Opiniões

O Moço do Semáforo

Os nossos desafetos nós evitamos bloqueando-os das nossas redes sociais e não frequentando os lugares públicos e privados onde poderíamos encontrá-los. Mesmo assim, se porventura ocorre um encontro ocasional, baixamos os olhos, viramos para o outro lado, e às vezes, até assentimos com a cabeça de forma impessoal e neutra.

Mas o Moço do Semáforo não. Ele está sempre lá, no nosso caminho. Tem vários formatos e perfis, se multiplicando por todas as ruas da cidade e do país. Tem o gordinho sempre suado perto das Faculdades que vende suco de laranja e água gelada. Tem o mocinho raquítico de sorriso cariado que se aproxima com bucha, sabão e um rodinho de mão, e lava nosso para-brisa sem nos consultar se queremos o serviço. ‘Atrevido!’ ‘Será que tem Pix? Não tenho trocado…’  Tem o moço com cara de office boy, cabelo curtinho, calça jeans e camisa xadrez com sua indefectível mochila nas costas. Ele trabalha na esquina da Champagnat com a Praça Roque Menezes vendendo balas de goma. Quase sempre compro dele: às vezes compro e não levo, afinal de contas ele pode vender de novo e aumentar o lucro; outras vezes penso que não levar seria ofender. Ele está vendendo, por que desprezar? Nesse dilema ético, meus anjos e demônios duelam enquanto minha menininha interna esganada espera ansiosamente pelo dia que vou deixá-la se deliciar com as guloseimas.

-‘Tá-te quieta, garguica,’ ouço minha avó Antonia me dando bronca em espanhol.

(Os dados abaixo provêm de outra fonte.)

(* Let $n\ge 2$ and let $F$ be the free loop on $n$ generators $x_1,\dots,x_n$. Then $\gamma_{n-1}\mathrm{LMlt}(F/F_3)$ is non-trivial.
   Context: A loop is a set with a product and two-sided identity in which all left and right multiplications are bijective; $\mathrm{LMlt}(L)$ is the group of permutations of $L$ generated by the left multiplications $L_a\colon x\mapsto ax$. For a group $G$, $\gamma_1G=G$ and $\gamma_{k+1}G=[G,\gamma_kG]$. For a loop $F$ and a normal subloop $N$, $[N,F]$ denotes the smallest subloop of $N$ which is normal in $F$ and such that $N/[N,F]$ is contained in the centre of $F/[N,F]$. Bruck's lower central series is $F_1=F$, $F_{k+1}=[F_k,F]$. *)

theory Defs
  imports "HOL-Algebra.Algebra"
begin

definition is_loop :: "'a monoid \<Rightarrow> bool" where
  "is_loop L \<longleftrightarrow>
     \<one>\<^bsub>L\<^esub> \<in> carrier L \<and>
     (\<forall>x\<in>carrier L. \<forall>y\<in>carrier L. x \<otimes>\<^bsub>L\<^esub> y \<in> carrier L) \<and>
     (\<forall>x\<in>carrier L. \<one>\<^bsub>L\<^esub> \<otimes>\<^bsub>L\<^esub> x = x \<and> x \<otimes>\<^bsub>L\<^esub> \<one>\<^bsub>L\<^esub> = x) \<and>
     (\<forall>a\<in>carrier L. bij_betw (\<lambda>x. a \<otimes>\<^bsub>L\<^esub> x) (carrier L) (carrier L)) \<and>
     (\<forall>a\<in>carrier L. bij_betw (\<lambda>x. x \<otimes>\<^bsub>L\<^esub> a) (carrier L) (carrier L))"

definition subloop :: "'a set \<Rightarrow> 'a monoid \<Rightarrow> bool" where
  "subloop N L \<longleftrightarrow> N \<subseteq> carrier L \<and> \<one>\<^bsub>L\<^esub> \<in> N \<and>
     (\<forall>a\<in>N. \<forall>b\<in>N. a \<otimes>\<^bsub>L\<^esub> b \<in> N) \<and>
     (\<forall>a\<in>N. \<forall>b\<in>N. \<forall>x\<in>carrier L. a \<otimes>\<^bsub>L\<^esub> x = b \<longrightarrow> x \<in> N) \<and>
     (\<forall>a\<in>N. \<forall>b\<in>N. \<forall>x\<in>carrier L. x \<otimes>\<^bsub>L\<^esub> a = b \<longrightarrow> x \<in> N)"

definition lcos :: "'a monoid \<Rightarrow> 'a \<Rightarrow> 'a set \<Rightarrow> 'a set" where
  "lcos L x N = (\<lambda>n. x \<otimes>\<^bsub>L\<^esub> n) ` N"

definition rcos :: "'a monoid \<Rightarrow> 'a set \<Rightarrow> 'a \<Rightarrow> 'a set" where
  "rcos L N x = (\<lambda>n. n \<otimes>\<^bsub>L\<^esub> x) ` N"

definition normal_subloop :: "'a set \<Rightarrow> 'a monoid \<Rightarrow> bool" where
  "normal_subloop N L \<longleftrightarrow> subloop N L \<and>
     (\<forall>x\<in>carrier L. \<forall>y\<in>carrier L.
        lcos L x N = rcos L N x \<and>
        rcos L (lcos L x N) y = lcos L x (rcos L N y) \<and>
        lcos L x (lcos L y N) = lcos L (x \<otimes>\<^bsub>L\<^esub> y) N)"
(* Let $0<p<1$ and let $k\ge 1$ be an integer. A coin showing heads (H) with probability $p$ and tails (T) with probability $1-p$ is flipped independently until $k$ consecutive heads $\mathrm{H}^k$ first appear; let $Y$ be the number of flips. Then $E(Y^0)=1$ and for every $n\ge 1$, \[ E(Y^n) = k^n + \sum_{j=0}^{n-1} \binom{n}{j} E(Y^j) \sum_{i=1}^k \frac{(1-p)\,i^{n-j}}{p^{k-i+1}} = k^n + \sum_{j=0}^{n-1} \binom{n}{j} E(Y^j) \sum_{i=0}^n \frac{e_{n-j,i}\, p^i - e_{n-j,i}^k\, p^{k+i+1}}{(1-p)^{n-j}p^{k+1}}. \]
   Context: The Eulerian numbers $e_{n,i}$ are defined by $e_{0,0}=1$, $e_{n,i}=0$ whenever $i\le 0$ (unless $n=i=0$) or $i>n$, and $e_{n,i}=i\,e_{n-1,i}+(n-i+1)\,e_{n-1,i-1}$ otherwise. For the integer parameter $k$, $e^k_{0,0}=1$, $e^k_{n,i}=0$ whenever $i<0$ or $i>n$, and $e^k_{n,i}=(k+i+1)\,e^k_{n-1,i}+(n-k-i)\,e^k_{n-1,i-1}$ otherwise. *)

theory Defs
  imports "HOL-Probability.Probability"
begin

fun eulerian :: "nat \<Rightarrow> nat \<Rightarrow> int" where
  "eulerian 0 i = (if i = 0 then 1 else 0)"
| "eulerian (Suc n) i =
     (if i = 0 \<or> i > Suc n then 0
      else int i * eulerian n i + int (Suc n - i + 1) * eulerian n (i - 1))"

fun eulerian_k :: "int \<Rightarrow> nat \<Rightarrow> nat \<Rightarrow> int" where
  "eulerian_k k 0 i = (if i = 0 then 1 else 0)"
| "eulerian_k k (Suc n) i =
     (if i > Suc n then 0
      else (k + int i + 1) * eulerian_k k n i
           + (int (Suc n) - k - int i) * (if i = 0 then 0 else eulerian_k k n (i - 1)))"

text \<open>Number of flips until k consecutive heads (True = heads) first appear:
  the least m >= k such that flips m-k, ..., m-1 (0-indexed) are all heads.\<close>
definition waiting_time :: "nat \<Rightarrow> bool stream \<Rightarrow> nat" where
  "waiting_time k \<omega> = (LEAST m. k \<le> m \<and> (\<forall>i<k. \<omega> !! (m - 1 - i)))"

end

Participando ou não desse comércio ou escambo de consciência, não há como negar que mexe conosco. O Moço do Semáforo é o retrato de um país desigual e injusto que ficou escancarado com a pandemia. Que sobrevive por pura teimosia, numa resiliência de inspirar qualquer empresário premiado. Por mais que façamos nossa parte com a Corrente do Bem no grupo Mulheres do Brasil, ainda me sinto imensamente em débito com esse moço quando passo ouvindo música estrangeira no podcast do meu carro com ar refrigerado. Ainda há muito a ser feito!!!

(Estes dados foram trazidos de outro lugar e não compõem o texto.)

lemma binomial_mult_prime_power_cong:
  assumes "prime p" "p \<ge> 5" "k \<ge> 1"
  shows "[(n * p ^ k) choose (m * p ^ k) = (n * p) choose (m * p)] (mod p ^ 4)"
  using assms(3)
proof (induction k rule: nat_induct_at_least)
  case base
  show ?case by simp
next
  case (Suc k)
  obtain b where b: "(int p)\<^sup>2 dvd b"
    and key: "\<And>n m. [int ((n * p) choose (m * p))
      = int (n choose m) * (1 + b * int (m * n * (n - m)))] (mod int p ^ 4)"
    using binomial_mult_prime_cong[OF assms(1,2)] by blast
  define n' where "n' = n * p ^ k"
  define m' where "m' = m * p ^ k"
  have "n' - m' = (n - m) * p ^ k"
    by (simp add: n'_def m'_def diff_mult_distrib)
  then have "m' * n' * (n' - m') = (p ^ k) ^ 3 * (m * n * (n - m))"
    by (simp add: n'_def m'_def power3_eq_cube ac_simps)
  then have scaled: "int (m' * n' * (n' - m')) = int (p ^ k) ^ 3 * int (m * n * (n - m))"
    by (simp only: of_nat_mult of_nat_power)
  have "(int p)\<^sup>2 dvd int p ^ (k * 3)"
    using Suc.hyps by (intro le_imp_power_dvd) simp
  then have "(int p)\<^sup>2 * (int p)\<^sup>2 dvd b * int (p ^ k) ^ 3"
    using b by (intro mult_dvd_mono) (simp_all add: power_mult)
  then have "int p ^ 4 dvd b * int (m' * n' * (n' - m'))"
    unfolding scaled mult.assoc[symmetric] by (simp add: dvd_mult2 flip: power_add)
  then have "[int (n' choose m') * (1 + b * int (m' * n' * (n' - m')))
      = int (n' choose m')] (mod int p ^ 4)"
    by (rule cong_mult_one_plus_dvd)
  with key have "[int ((n' * p) choose (m' * p)) = int (n' choose m')] (mod int p ^ 4)"
    by (rule cong_trans)
  then have "[(n' * p) choose (m' * p) = n' choose m'] (mod p ^ 4)"
    by (simp flip: cong_int_iff)
  with Suc.IH show ?case
    unfolding n'_def m'_def by (simp add: ac_simps cong_trans)
qed

lemma not_prime_dvd_near_multiple:
  fixes p K k :: nat
  assumes "prime p" "p dvd K" "k \<noteq> K" "k < K + p" "K < k + p"
  shows "\<not> p dvd k"
proof
  assume "p dvd k"
  with assms(2) have "int p dvd int k - int K"
    by (simp add: dvd_diff)
  moreover have "int k - int K \<noteq> 0"
    using assms(3) by simp
  ultimately have "\<bar>int p\<bar> \<le> \<bar>int k - int K\<bar>"
    by (rule dvd_imp_le_int[rotated])
  with assms(4,5) show False
    by linarith
qed

lemma prime_power_dvd_binomial:
  fixes p N k :: nat
  assumes "prime p" "p ^ e dvd N" "\<not> p dvd k"
  shows "p ^ e dvd N choose k"
proof -
  obtain j where k: "k = Suc j"
    using assms(3) by (cases k) auto
  have "k * (N choose k) = N * ((N - 1) choose j)"
    unfolding k by (rule binomial_absorption)
  then have "p ^ e dvd k * (N choose k)"
    using assms(2) by simp
  moreover have "coprime (p ^ e) k"
    using prime_imp_power_coprime_nat[OF assms(1,3)] by (simp add: coprime_commute)
  ultimately show ?thesis
    by (simp add: coprime_dvd_mult_right_iff)
qed

lemma binomial_add_less_prime_cong:
  fixes p N K n0 m0 :: nat
  assumes "prime p" "p ^ e dvd N" "p dvd K" "n0 < p" "m0 < p"
  shows "[(N + n0) choose (K + m0) = (N choose K) * (n0 choose m0)] (mod p ^ e)"
proof -
  define f where "f k = (N choose k) * (n0 choose (K + m0 - k))" for k
  have "(N + n0) choose (K + m0) = f K + (\<Sum>k\<in>{..K + m0} - {K}. f k)"
    using vandermonde[of N n0 "K + m0"] sum.remove[of "{..K + m0}" K f]
    unfolding f_def by simp
  moreover have "p ^ e dvd f k" if k: "k \<in> {..K + m0} - {K}" for k
  proof (cases "K + m0 - k \<le> n0")
    case False
    then show ?thesis by (simp add: f_def binomial_eq_0)
  next
    case True
    then have "\<not> p dvd k"
      using k assms by (intro not_prime_dvd_near_multiple[OF assms(1,3)]) auto
    then show ?thesis
      unfolding f_def using prime_power_dvd_binomial[OF assms(1,2)] by simp
  qed
  then have "[(\<Sum>k\<in>{..K + m0} - {K}. f k) = 0] (mod p ^ e)"
    unfolding cong_0_iff by (rule dvd_sum)
  ultimately show ?thesis
    using cong_add_lcancel_0_nat unfolding f_def by simp
qed

lemma binomial_mult_prime_power_four_add_cong:
  assumes "prime p" "p \<ge> 5" "n0 < p" "m0 < p"
  shows "[(n * p ^ 4 + n0) choose (m * p ^ 4 + m0)
        = ((n * p) choose (m * p)) * (n0 choose m0)] (mod p ^ 4)"
proof -
  have "[(n * p ^ 4 + n0) choose (m * p ^ 4 + m0)
      = ((n * p ^ 4) choose (m * p ^ 4)) * (n0 choose m0)] (mod p ^ 4)"
    using assms by (intro binomial_add_less_prime_cong) auto
  also have "[((n * p ^ 4) choose (m * p ^ 4)) * (n0 choose m0)
      = ((n * p) choose (m * p)) * (n0 choose m0)] (mod p ^ 4)"
    using binomial_mult_prime_power_cong[OF assms(1,2)] by (intro cong_scalar_right) simp
  finally show ?thesis .
qed

theorem mainTheorem3:
  fixes p :: nat
  assumes "prime p" and "p \<ge> 5"
  shows "([(2 * p) choose p = 2] (mod p ^ 4)
           \<longleftrightarrow> (\<forall>n m :: nat. [(n * p) choose (m * p) = n choose m] (mod p ^ 4)))
       \<and> ([(2 * p) choose p = 2] (mod p ^ 4)
           \<longleftrightarrow> (\<forall>n m n0 m0 :: nat. n0 < p \<longrightarrow> m0 < p \<longrightarrow>
                 [(n * p ^ 4 + n0) choose (m * p ^ 4 + m0) = (n choose m) * (n0 choose m0)] (mod p ^ 4)))"
proof -
  note digits = binomial_mult_prime_power_four_add_cong[OF assms]
  have "[(n * p ^ 4 + n0) choose (m * p ^ 4 + m0) = (n choose m) * (n0 choose m0)] (mod p ^ 4)"
    if "\<forall>n m. [(n * p) choose (m * p) = n choose m] (mod p ^ 4)" "n0 < p" "m0 < p" for n m n0 m0
    using digits[of n0 m0 n m] that cong_scalar_right cong_trans by blast
  moreover have "[(2 * p) choose p = 2] (mod p ^ 4)"
    if "\<forall>n m n0 m0. n0 < p \<longrightarrow> m0 < p \<longrightarrow>
          [(n * p ^ 4 + n0) choose (m * p ^ 4 + m0) = (n choose m) * (n0 choose m0)] (mod p ^ 4)"
  proof -
    have "0 < p" using assms by simp
    with that have "[(2 * p ^ 4 + 0) choose (1 * p ^ 4 + 0) = (2 choose 1) * (0 choose 0)] (mod p ^ 4)"
      by blast
    with digits[OF \<open>0 < p\<close> \<open>0 < p\<close>, of 2 1]
    have "[((2 * p) choose (1 * p)) * (0 choose 0) = (2 choose 1) * (0 choose 0)] (mod p ^ 4)"
      by (rule cong_trans[OF cong_sym])
    then show ?thesis by simp
  qed
  ultimately show ?thesis
    using wolstenholme_iff_binomial_mult_prime_cong[OF assms] by blast
qed

end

Podemos virar a chave e achar alguém para culpar: o governo, a igreja, as ONGs, as próprias pessoas, a sociedade, os políticos, os empresários, os chineses… Ou podemos pensar: ‘O que posso fazer para melhorar isso? Não vou resolver, mas vou fazer a minha parte…’ Focar na solução, não nos culpados…

Seja qual for o lado do disco que você escolha tocar, fica só uma dica e um pedido: Não vire o rosto, não baixe o olhar, não finja que não vê o Moço do Semáforo. O que ainda temos em comum, mesmo nesses tempos únicos e desafiadores, é nossa humanidade: não negue isso a ele, nem a ninguém! Olhe nos olhos do Moço, reconheça seu estado de vulnerabilidade e lhe dê um sorriso!

Eliane Sanches Querino

É diretora executiva da Know How. Professora de inglês e empresária. É líder e uma das fundadoras do Grupo Mulheres do Brasil.

Um Comentário

  1. Reportagem perfeita, e pra ampliar à ainda mais esses inumeros de homens do sinal. Temos a maior representaçao de que são verdadeiros vítimas da sociedade,o nosso gordinho do sinal Alonso y Alonso é também um homem que teve todo seu rosto e parte do corpo queimado por alguém que criminalmente o atacou,e esse moço do sinal luta todos os dias pra voltar a ter dignidade de olhar pros filhos e não se sentir um monstro e ele não é ,pois os verdadeiros monstros somos nós que as vezes compramos um suco com receio ou as vezes nem se quer o olhamos nos olhos dando uma moedinha. Acreditando que nossa esmola o sustentará,sinto que somos neste momento o verdadeiro sinal vermelho queimado😟👋👋👋👋 parabéns mais uma vez , Eliane Quirino pela sensibilidade nas palavras escritas .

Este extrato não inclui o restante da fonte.